Where Hawaii Visitors Stand | Gov. Green's Big Travel Mess

Where Hawaii Visitors Stand In Gov. Green’s Big Travel Mess

Today is the day that former Lt. Governor Josh Green is being inaugurated governor of Hawaii. Interesting times lie ahead for him, the state, and Hawaii visitors.

This week will see Hawaii travel front and center on the new governor’s agenda as he tries to resolve the long-contested Hawaii travel marketing plans before the whole mess otherwise gets aired publicly in court. He’ll have two days to head the situation off at the pass.

Incoming Governor Green is an emergency room physician working with trauma victims, organ failure, and critical health issues of patients. Will that experience transfer well to the trauma, failure, and critical needs of our travel industry? Read on and let us know what you think.

Come Wednesday, HTA (Hawaii Tourism Authority) will hold a special board meeting to try to figure out what to do next in determining who will represent Hawaii to the world and how. That comes following last week’s secret meeting between now-defunct Governor Ige and the also-defunct head of Hawaii’s tourism department. Even that meeting itself is now causing problems.

All this happens the same week as Hawaii Visitors and Convention Bureau (HVCB) holds an HTA-featured travel conference on Oahu, where you may see BOH editors.

If this ends without a heated court battle, it will be nothing short of a miracle.

The controversy resulted from the wildly contested awarding of its U.S. brand marketing contract to the travel newcomer CNHA (Council for Native Hawaii Advancement) earlier this year. That contract was supposed to start last June, but that has been delayed multiple times due to the prolonged disagreement spinning about the entire thing.

Let’s call it what it is: a very h0t mess, Hawaii-style.

To make a long story short, the award was to have gone to 120-year-old HVCB, but in a questionable second-round upset, it was given under inexplicable circumstances to CNHA.

Exiting Governor Ige and HTA head Mike McCarney got involved in last week’s meeting, even as they were lame ducks, departing office today before the whole thing could come to the next HTA vote on how to proceed.

Two directions ahead for Hawaii travel marketing?

Now officially gone from HTA as of today, McCartney planned to cancel the CNHA award and go for round three in the RFP (request for proposal) process, which would separate the contract awards into two parts, one on destination management and one on marketing. McCartney also planned to sweeten the pie by adding 18% or more to its total value. Dividing the contract might make sense, given that HVCB is experienced in marketing, whereas CNHA might be better suited to focus on Hawaii destination management.

McCartney had been working on that deal before his departure, although others in the state have said you can’t do an RFP for one contract and later split it in two.

First travel words from new Governor Josh Green.

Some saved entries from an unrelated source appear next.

lemma pos_sesquilinear_on_hermitian:
  assumes f: "pos_sesquilinear_on D f" and x: "x \<in> D" and y: "y \<in> D"
  shows "f y x = cnj (f x y)"
proof -
  have D: "csubspace D" and iy: "\<i> *\<^sub>C y \<in> D"
    using pos_sesquilinear_onD(1)[OF f x x x] csubspace_scaleC y by blast+
  note add = pos_sesquilinear_onD(2,3)[OF f] and sc = pos_sesquilinear_onD(4,5)[OF f]
  have re: "Im (f u u) = 0" if "u \<in> D" for u
    using pos_sesquilinear_onD(6)[OF f that that that] by (simp add: complex_is_Real_iff)
  have xy: "x + y \<in> D" and xiy: "x + \<i> *\<^sub>C y \<in> D"
    using D x y iy by (auto intro: csubspace_add)
  have "f (x + y) (x + y) = f x x + f x y + f y x + f y y"
    using add[OF x y xy] add[OF x y x] add[OF x y y] by simp
  then have "Im (f x y) + Im (f y x) = 0"
    using re[OF xy] re[OF x] re[OF y] by simp
  moreover have "f (x + \<i> *\<^sub>C y) (x + \<i> *\<^sub>C y) = f x x - \<i> * f x y + \<i> * f y x + f y y"
    using add[OF x iy xiy] add[OF x iy x] add[OF x iy iy] sc[OF x y x, of \<i>] sc[OF y x x, of \<i>]
      sc[OF y iy x, of \<i>] sc[OF y y x, of \<i>] by (simp add: algebra_simps)
  then have "Re (f y x) - Re (f x y) = 0"
    using re[OF xiy] re[OF x] re[OF y] by simp
  ultimately show ?thesis
    by (simp add: complex_eq_iff)
qed

lemma le_prod_of_quadratic_nonneg:
  fixes a B c :: real
  assumes "0 \<le> c" "0 < B" and q: "\<And>t. 0 \<le> a - 2 * t * B + t\<^sup>2 * B * c"
  shows "B \<le> a * c"
proof (cases "c = 0")
  case True
  have "0 \<le> a - 2 * ((a + 1) / (2 * B)) * B"
    using q[of "(a + 1) / (2 * B)"] True by simp
  also have "\<dots> = -1"
    using \<open>0 < B\<close> by (simp add: field_simps)
  finally show ?thesis
    by simp
next
  case False
  then have c: "c > 0"
    using assms by simp
  have "0 \<le> a - 2 * (1 / c) * B + (1 / c)\<^sup>2 * B * c"
    by (rule q)
  also have "\<dots> = (a * c - B) / c"
    using c by (simp add: field_simps power2_eq_square)
  finally show ?thesis
    using c by (simp add: zero_le_divide_iff)
qed

lemma pos_sesquilinear_on_Cauchy_Schwarz:
  assumes f: "pos_sesquilinear_on D f" and x: "x \<in> D" and y: "y \<in> D"
  shows "(cmod (f x y))\<^sup>2 \<le> Re (f x x) * Re (f y y)"
proof -
  note add = pos_sesquilinear_onD(2,3)[OF f] and sc = pos_sesquilinear_onD(4,5)[OF f]
  have real: "f u u = complex_of_real (Re (f u u))" if "u \<in> D" for u
    using pos_sesquilinear_onD(6)[OF f that that that] by (simp add: complex_is_Real_iff complex_eq_iff)
  have pos: "0 \<le> Re (f u u)" if "u \<in> D" for u
    using pos_sesquilinear_onD(7)[OF f that that that] .
  have "0 \<le> Re (f x x) - 2 * t * (cmod (f x y))\<^sup>2 + t\<^sup>2 * (cmod (f x y))\<^sup>2 * Re (f y y)" for t
  proof -
    define l where "l = - (complex_of_real t * f x y)"
    have ly: "l *\<^sub>C y \<in> D" and xly: "x + l *\<^sub>C y \<in> D"
      using pos_sesquilinear_onD(1)[OF f x x x] x y by (auto intro: csubspace_add csubspace_scaleC)
    have "f (x + l *\<^sub>C y) (x + l *\<^sub>C y) = f x x + cnj l * f x y + l * f y x + l * cnj l * f y y"
      using add[OF x ly xly] add[OF x ly x] add[OF x ly ly] sc[OF x y x, of l] sc[OF y x x, of l]
        sc[OF y ly x, of l] sc[OF y y x, of l] by (simp add: algebra_simps)
    also have "Re \<dots> = Re (f x x) - 2 * t * (cmod (f x y))\<^sup>2 + t\<^sup>2 * (cmod (f x y))\<^sup>2 * Re (f y y)"
      unfolding pos_sesquilinear_on_hermitian[OF f x y] l_def cmod_power2
      by (subst (1 2) real[OF x], subst (1 2) real[OF y]) (simp add: algebra_simps power2_eq_square)
    finally show ?thesis
      using pos[OF xly] by simp
  qed
  then show ?thesis
    using pos[OF x] pos[OF y] by (cases "f x y = 0") (auto intro: le_prod_of_quadratic_nonneg)
qed

lemma pos_sesquilinear_on_bound:
  assumes f: "pos_sesquilinear_on D f" and C: "0 \<le> C" and bound: "\<And>x. x \<in> D \<Longrightarrow> Re (f x x) \<le> C * (norm x)\<^sup>2"
    and x: "x \<in> D" and y: "y \<in> D"
  shows "cmod (f x y) \<le> C * norm x * norm y"
proof -
  have "(cmod (f x y))\<^sup>2 \<le> Re (f x x) * Re (f y y)"
    by (rule pos_sesquilinear_on_Cauchy_Schwarz[OF f x y])
  also have "\<dots> \<le> (C * (norm x)\<^sup>2) * (C * (norm y)\<^sup>2)"
    by (rule mult_mono)
      (use bound[OF x] bound[OF y] pos_sesquilinear_onD(7)[OF f x x x] pos_sesquilinear_onD(7)[OF f y y y] C in auto)
  also have "\<dots> = (C * norm x * norm y)\<^sup>2"
    by (simp add: power2_eq_square)
  finally show ?thesis
    by (rule power2_le_imp_le) (use C in simp)
qed

lemma pos_sesquilinear_on_diag_zero:
  assumes "pos_sesquilinear_on D f" and "\<And>x. x \<in> D \<Longrightarrow> f x x = 0" and "x \<in> D" "y \<in> D"
  shows "f x y = 0"
  using pos_sesquilinear_on_Cauchy_Schwarz[OF assms(1,3,4)] assms(2,3,4) by simp

lemma quadratic_bound_of_form_bounded:
  assumes f: "pos_sesquilinear_on D f" and "form_bounded (D, f)"
  shows "\<exists>C\<ge>0. \<forall>x\<in>D. Re (f x x) \<le> C * (norm x)\<^sup>2"
proof -
  obtain C where C: "\<And>x. x \<in> D \<Longrightarrow> norm x = 1 \<Longrightarrow> cmod (f x x) \<le> C"
    using assms(2) by (auto simp: form_bounded_def)
  have "Re (f x x) \<le> max C 0 * (norm x)\<^sup>2" if x: "x \<in> D" for x
  proof (cases "x = 0")
    case True
    then show ?thesis
      using pos_sesquilinear_onD(4)[OF f x x x, of 0] by simp
  next
    case False
    define c where "c = complex_of_real (1 / norm x)"
    have u: "c *\<^sub>C x \<in> D" and "norm (c *\<^sub>C x) = 1"
      using csubspace_scaleC[OF pos_sesquilinear_onD(1)[OF f x x x] x] False
      by (auto simp: c_def norm_scaleC norm_divide)
    then have "Re (f (c *\<^sub>C x) (c *\<^sub>C x)) \<le> C"
      using C complex_Re_le_cmod order_trans by blast
    moreover have "f (c *\<^sub>C x) (c *\<^sub>C x) = complex_of_real (1 / (norm x)\<^sup>2) * f x x"
      using pos_sesquilinear_onD(4)[OF f x u x, of c] pos_sesquilinear_onD(5)[OF f x x x, of c]
      by (simp add: c_def power2_eq_square)
    ultimately have "Re (f x x) \<le> C * (norm x)\<^sup>2"
      using False by (simp add: divide_le_eq)
    also have "\<dots> \<le> max C 0 * (norm x)\<^sup>2"
      by (simp add: mult_right_mono)
    finally show ?thesis .
  qed
  then show ?thesis
    by (intro exI[of _ "max C 0"]) auto
qed

lemma form_bounded_iff_quadratic_bound:
  assumes f: "pos_sesquilinear_on D f"
  shows "form_bounded (D, f) \<longleftrightarrow> (\<exists>C\<ge>0. \<forall>x\<in>D. Re (f x x) \<le> C * (norm x)\<^sup>2)"
proof
  assume "\<exists>C\<ge>0. \<forall>x\<in>D. Re (f x x) \<le> C * (norm x)\<^sup>2"
  then obtain C where C: "\<And>x. x \<in> D \<Longrightarrow> Re (f x x) \<le> C * (norm x)\<^sup>2"
    by blast
  have "cmod (f x x) \<le> C" if "x \<in> D" "norm x = 1" for x
    using pos_sesquilinear_onD(6,7)[OF f that(1) that(1) that(1)] C[OF that(1)] that(2)
    by (simp add: complex_is_Real_iff cmod_eq_Re)
  then show "form_bounded (D, f)"
    unfolding form_bounded_def by auto
qed (rule quadratic_bound_of_form_bounded[OF f])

Green, whose swearing-in takes place today, said he would rather that this all had been left to the new administration since they would inherit things that could otherwise be unmanageable. He thinks a mediation path may be the solution between the parties, although we question whether that would ever work. Green said, “I appreciate all the parties being willing to work together under the new leadership that we hope to bring. He also said, “I don’t want to delay a solution, and we need to have these teams actively promoting Hawaii… I don’t want a conflict between CNHA and HVCB. I want them to actually be partners and learn from one another.”

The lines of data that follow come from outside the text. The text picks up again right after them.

(* Proportional approval voting (PAV) is the only Thiele rule (for the fixed $m$ and $k$) that satisfies party-proportionality.
   Context: Let $\mathcal C=\{c_1,\dots,c_m\}$ ($m\ge2$) be the candidates, $\mathcal A$ the set of non-empty subsets of $\mathcal C$ (ballots), and a profile a map $A:N_A\to\mathcal A$ from a non-empty finite set of voters $N_A\subseteq\mathbb N$. Fix $k\in\{1,\dots,m-1\}$, and let $\mathcal W_k$ be the set of $k$-element subsets of $\mathcal C$ (committees). An ABC voting rule maps each profile to a non-empty subset of $\mathcal W_k$. A Thiele rule is an ABC voting rule for which there is a non-decreasing $s:\{0,\dots,k\}\to\mathbb R$ with $s(0)=0$ such that $f(A)$ is the set of committees $W$ maximizing $\sum_{i\in N_A}s(|A_i\cap W|)$. PAV is the Thiele rule with $s(x)=\sum_{z=1}^x\frac1z$. A profile $A$ is a party-list profile if there is a partition $\mathcal P_A=\{P_1,\dots,P_\ell\}$ of $\mathcal C$ such that every voter's ballot equals some $P_j$; $n_j$ denotes the number of voters whose ballot is $P_j$. An ABC voting rule $f$ is party-proportional if for all party-list profiles $A$, all $W\in f(A)$, and all parties $P_i,P_j\in\mathcal P_A$ with $n_i/|P_i|<n_j/|P_j|$, $P_i\subseteq W$ implies $P_j\subseteq W$. *)

theory Defs
  imports Complex_Main "HOL-Library.Disjoint_Sets"
begin

type_synonym 'c profile = "nat \<rightharpoonup> 'c set"

definition ballots :: "'c set \<Rightarrow> 'c set set" where
  "ballots C = {B. B \<subseteq> C \<and> B \<noteq> {}}"

definition is_profile :: "'c set \<Rightarrow> 'c profile \<Rightarrow> bool" where
  "is_profile C A \<longleftrightarrow> finite (dom A) \<and> dom A \<noteq> {} \<and> ran A \<subseteq> ballots C"

definition committees :: "'c set \<Rightarrow> nat \<Rightarrow> 'c set set" where
  "committees C k = {W. W \<subseteq> C \<and> card W = k}"

definition abc_rule :: "'c set \<Rightarrow> nat \<Rightarrow> ('c profile \<Rightarrow> 'c set set) \<Rightarrow> bool" where
  "abc_rule C k f \<longleftrightarrow>
     (\<forall>A. is_profile C A \<longrightarrow> f A \<noteq> {} \<and> f A \<subseteq> committees C k)"

definition thiele_score :: "(nat \<Rightarrow> real) \<Rightarrow> 'c profile \<Rightarrow> 'c set \<Rightarrow> real" where
  "thiele_score s A W = (\<Sum>i\<in>dom A. s (card (the (A i) \<inter> W)))"

definition thiele_winners :: "'c set \<Rightarrow> nat \<Rightarrow> (nat \<Rightarrow> real) \<Rightarrow> 'c profile \<Rightarrow> 'c set set" where
  "thiele_winners C k s A =
     {W \<in> committees C k. \<forall>W'\<in>committees C k. thiele_score s A W' \<le> thiele_score s A W}"

definition thiele_rule :: "'c set \<Rightarrow> nat \<Rightarrow> ('c profile \<Rightarrow> 'c set set) \<Rightarrow> bool" where
  "thiele_rule C k f \<longleftrightarrow> abc_rule C k f \<and>
     (\<exists>s :: nat \<Rightarrow> real. s 0 = 0 \<and> mono_on {0..k} s \<and>
        (\<forall>A. is_profile C A \<longrightarrow> f A = thiele_winners C k s A))"

definition pav_score :: "nat \<Rightarrow> real" where
  "pav_score x = (\<Sum>z=1..x. 1 / real z)"

definition pav :: "'c set \<Rightarrow> nat \<Rightarrow> 'c profile \<Rightarrow> 'c set set" where
  "pav C k A = thiele_winners C k pav_score A"

definition party_partition :: "'c set \<Rightarrow> 'c profile \<Rightarrow> 'c set set \<Rightarrow> bool" where
  "party_partition C A P \<longleftrightarrow> partition_on C P \<and> ran A \<subseteq> P"

definition party_list_profile :: "'c set \<Rightarrow> 'c profile \<Rightarrow> bool" where
  "party_list_profile C A \<longleftrightarrow> is_profile C A \<and> (\<exists>P. party_partition C A P)"

definition supporters :: "'c profile \<Rightarrow> 'c set \<Rightarrow> nat" where
  "supporters A B = card {i \<in> dom A. A i = Some B}"

definition party_proportional :: "'c set \<Rightarrow> ('c profile \<Rightarrow> 'c set set) \<Rightarrow> bool" where
  "party_proportional C f \<longleftrightarrow>
     (\<forall>A P. is_profile C A \<longrightarrow> party_partition C A P \<longrightarrow>
        (\<forall>W\<in>f A. \<forall>Pi\<in>P. \<forall>Pj\<in>P.
           real (supporters A Pi) / real (card Pi) < real (supporters A Pj) / real (card Pj) \<longrightarrow>
           Pi \<subseteq> W \<longrightarrow> Pj \<subseteq> W))"

end

theory Submission
  imports Defs
begin

(* PAV is party-proportional: if a party Q lies inside a committee W and a candidate b of a
   party R does not, replacing a member of Q by b changes the PAV score by
   n_R / (|R \<inter> W| + 1) - n_Q / |Q|, which is positive when n_Q / |Q| < n_R / |R|.

   Conversely, let s be the score function of a party-proportional Thiele rule. Take k + 1
   candidates S: n1 voters approve a party P of x + 1 of them, n2 voters a single further
   candidate c, and the rest of S is a party so heavily supported that it is always elected.
   Every winning committee is S minus one candidate of P \<union> {c}, and proportionality decides
   which by comparing n1 / (x + 1) with n2. This yields n1 s(x) + n2 s(1) < n1 s(x + 1) when
   n1 > n2 (x + 1) and the reverse inequality when n1 < n2 (x + 1); letting n1 / n2 approach
   x + 1 from both sides forces s(x + 1) - s(x) = s(1) / (x + 1) with s(1) > 0, so s is a
   positive multiple of the PAV score on {0..k}. *)

lemma thiele_score_eq_sum_supporters:
  assumes "finite (dom A)" "ran A \<subseteq> T" "finite T"
  shows "thiele_score s A W = (\<Sum>B\<in>T. real (supporters A B) * s (card (B \<inter> W)))"
proof -
  have img: "(\<lambda>i. the (A i)) ` dom A \<subseteq> T"
    using assms(2) by (auto simp: ran_def)
  have "thiele_score s A W =
      (\<Sum>B\<in>T. \<Sum>i\<in>{i \<in> dom A. the (A i) = B}. s (card (the (A i) \<inter> W)))"
    unfolding thiele_score_def
    using sum.group[OF assms(1,3) img, of "\<lambda>i. s (card (the (A i) \<inter> W))"] by simp
  also have "\<dots> = (\<Sum>B\<in>T. real (supporters A B) * s (card (B \<inter> W)))"
  proof (rule sum.cong[OF refl])
    fix B
    have "{i \<in> dom A. the (A i) = B} = {i \<in> dom A. A i = Some B}" by auto
    then show "(\<Sum>i\<in>{i \<in> dom A. the (A i) = B}. s (card (the (A i) \<inter> W))) =
        real (supporters A B) * s (card (B \<inter> W))"
      unfolding supporters_def by simp
  qed
  finally show ?thesis .
qed

lemma thiele_score_diff_eq_sum_changed:
  assumes "finite (dom A)" "ran A \<subseteq> T" "finite T" "Q \<subseteq> T"
    and "\<And>B. B \<in> T - Q \<Longrightarrow> B \<inter> W' = B \<inter> W"
  shows "thiele_score s A W' - thiele_score s A W =
    (\<Sum>B\<in>Q. real (supporters A B) * (s (card (B \<inter> W')) - s (card (B \<inter> W))))"
proof -
  have "thiele_score s A W' - thiele_score s A W =
      (\<Sum>B\<in>T. real (supporters A B) * (s (card (B \<inter> W')) - s (card (B \<inter> W))))"
    unfolding thiele_score_eq_sum_supporters[OF assms(1-3)]
    by (simp add: sum_subtractf right_diff_distrib)
  also have "\<dots> = (\<Sum>B\<in>Q. real (supporters A B) * (s (card (B \<inter> W')) - s (card (B \<inter> W))))"
    using assms(3-5) by (intro sum.mono_neutral_right) auto
  finally show ?thesis .
qed

lemma thiele_winners_nonempty:
  assumes "finite C" "k \<le> card C"
  shows "thiele_winners C k s A \<noteq> {}"
proof -
  have fin: "finite (committees C k)"
    using assms(1) by (auto simp: committees_def intro: finite_subset[of _ "Pow C"])
  have "committees C k \<noteq> {}"
    using obtain_subset_with_card_n[OF assms(2)] by (auto simp: committees_def)
  then obtain W where W: "W \<in> committees C k"
    and max: "thiele_score s A W = Max (thiele_score s A ` committees C k)"
    using Max_in[of "thiele_score s A ` committees C k"] fin by fastforce
  have "thiele_score s A W' \<le> thiele_score s A W" if "W' \<in> committees C k" for W'
    unfolding max using fin that by simp
  with W show ?thesis unfolding thiele_winners_def by blast
qed

lemma thiele_winners_strict:
  assumes "W \<in> thiele_winners C k s A" "W' \<in> committees C k" "W' \<notin> thiele_winners C k s A"
  shows "thiele_score s A W' < thiele_score s A W"
  using assms unfolding thiele_winners_def by force

lemma thiele_winners_scaled:
  assumes "finite C" "0 < a" "\<And>x. x \<le> k \<Longrightarrow> s x = a * t x"
  shows "thiele_winners C k s A = thiele_winners C k t A"
proof -
  have "thiele_score s A W = a * thiele_score t A W" if "W \<in> committees C k" for W
  proof -
    have "finite W" "card W = k"
      using that assms(1) finite_subset by (auto simp: committees_def)
    then have "card (B \<inter> W) \<le> k" for B
      by (metis Int_lower2 card_mono)
    then show ?thesis
      unfolding thiele_score_def sum_distrib_left using assms(3) by simp
  qed
  then show ?thesis
    unfolding thiele_winners_def using assms(2) by (auto simp: committees_def)
qed

lemma party_proportional_cong:
  assumes "\<And>A. is_profile C A \<Longrightarrow> f A = g A"
  shows "party_proportional C f \<longleftrightarrow> party_proportional C g"
  using assms unfolding party_proportional_def by simp

lemma party_proportionalD:
  assumes "party_proportional C f" "is_profile C A" "party_partition C A P" "W \<in> f A"
    and "Q \<in> P" "R \<in> P"
    and "real (supporters A Q) / real (card Q) < real (supporters A R) / real (card R)"
    and "Q \<subseteq> W"
  shows "R \<subseteq> W"
  using assms unfolding party_proportional_def by blast

lemma pav_score_Suc: "pav_score (Suc n) = pav_score n + 1 / real (Suc n)"
  unfolding pav_score_def by (simp add: sum.cl_ivl_Suc)

lemma pav_gain_of_swap:
  assumes "finite C" "finite (dom A)" "party_partition C A P"
    and Q: "Q \<in> P" and R: "R \<in> P" and "Q \<noteq> R"
    and QW: "Q \<subseteq> W" and a: "a \<in> Q" and b: "b \<in> R" "b \<notin> W" and "finite W"
  shows "thiele_score pav_score A (insert b (W - {a})) - thiele_score pav_score A W =
    real (supporters A R) / real (card (R \<inter> W) + 1) - real (supporters A Q) / real (card Q)"
proof -
  define W' where "W' = insert b (W - {a})"
  have part: "partition_on C P" and ran: "ran A \<subseteq> P"
    using assms(3) by (auto simp: party_partition_def)
  have disj: "B \<inter> B' = {}" if "B \<in> P" "B' \<in> P" "B \<noteq> B'" for B B'
    using disjointD[OF partition_onD2[OF part]] that by blast
  have "finite Q"
    using Q part assms(1) by (metis Sup_upper finite_subset partition_onD1)
  have Q_swap: "Q \<inter> W' = Q - {a}"
    using QW b disj[OF Q R \<open>Q \<noteq> R\<close>] unfolding W'_def by auto
  have R_swap: "R \<inter> W' = insert b (R \<inter> W)"
    using a b disj[OF Q R \<open>Q \<noteq> R\<close>] unfolding W'_def by auto
  have others: "B \<inter> W' = B \<inter> W" if "B \<in> P - {Q, R}" for B
  proof -
    have "a \<notin> B" "b \<notin> B"
      using that Q R a b disj[of B Q] disj[of B R] by auto
    then show ?thesis unfolding W'_def by auto
  qed
  obtain q where q: "card Q = Suc q"
    using \<open>finite Q\<close> a by (cases "card Q") auto
  have "thiele_score pav_score A W' - thiele_score pav_score A W =
      (\<Sum>B\<in>{Q, R}. real (supporters A B) *
        (pav_score (card (B \<inter> W')) - pav_score (card (B \<inter> W))))"
    using Q R others
    by (intro thiele_score_diff_eq_sum_changed[OF assms(2) ran finite_elements[OF assms(1) part]]) auto
  also have "\<dots> = real (supporters A R) / real (card (R \<inter> W) + 1) - real (supporters A Q) / real (card Q)"
    using \<open>Q \<noteq> R\<close> QW a b \<open>finite W\<close> \<open>finite Q\<close> q Q_swap R_swap
    by (simp add: Int_absorb2 pav_score_Suc)
  finally show ?thesis unfolding W'_def .
qed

How this impacts Hawaii visitors?

You may think (and a number have commented) that this doesn’t impact visitors. But it clearly does. Hawaii’s brand marketing speaks to the visitors it will receive and how those visitors will see and value what Hawaii has to offer. They have been a source of valuable information to both Hawaii visitors and the travel industry alike.

What will become of the four Hawaii Visitor Bureaus?

It isn’t clear what will happen to these HVCB-operated businesses, including bureaus representing and located on Oahu, Maui, Kauai, and the Big Island.

HVCB has long used its island specialists to help be part of the destination marketing for their respective islands. Those representatives traveled on behalf of the state to communicate Hawaii and their island within the U.S. and abroad. Visitors could also call or stop at the local office for information and help during their vacation. And the local island specialists also serve as liaisons with the business community. When writing some of our articles, we’ve consulted with their island specialists as additional resources.

What will become of CNHA if they lose the contract?

CNHA is counting on this contract. It has been reported that before Covid, the group operated on $1M in grants, but that during the pandemic, they received, last year alone, some $70M in grants. That is over now, and this deal represents the light at the end of the tunnel, it seems.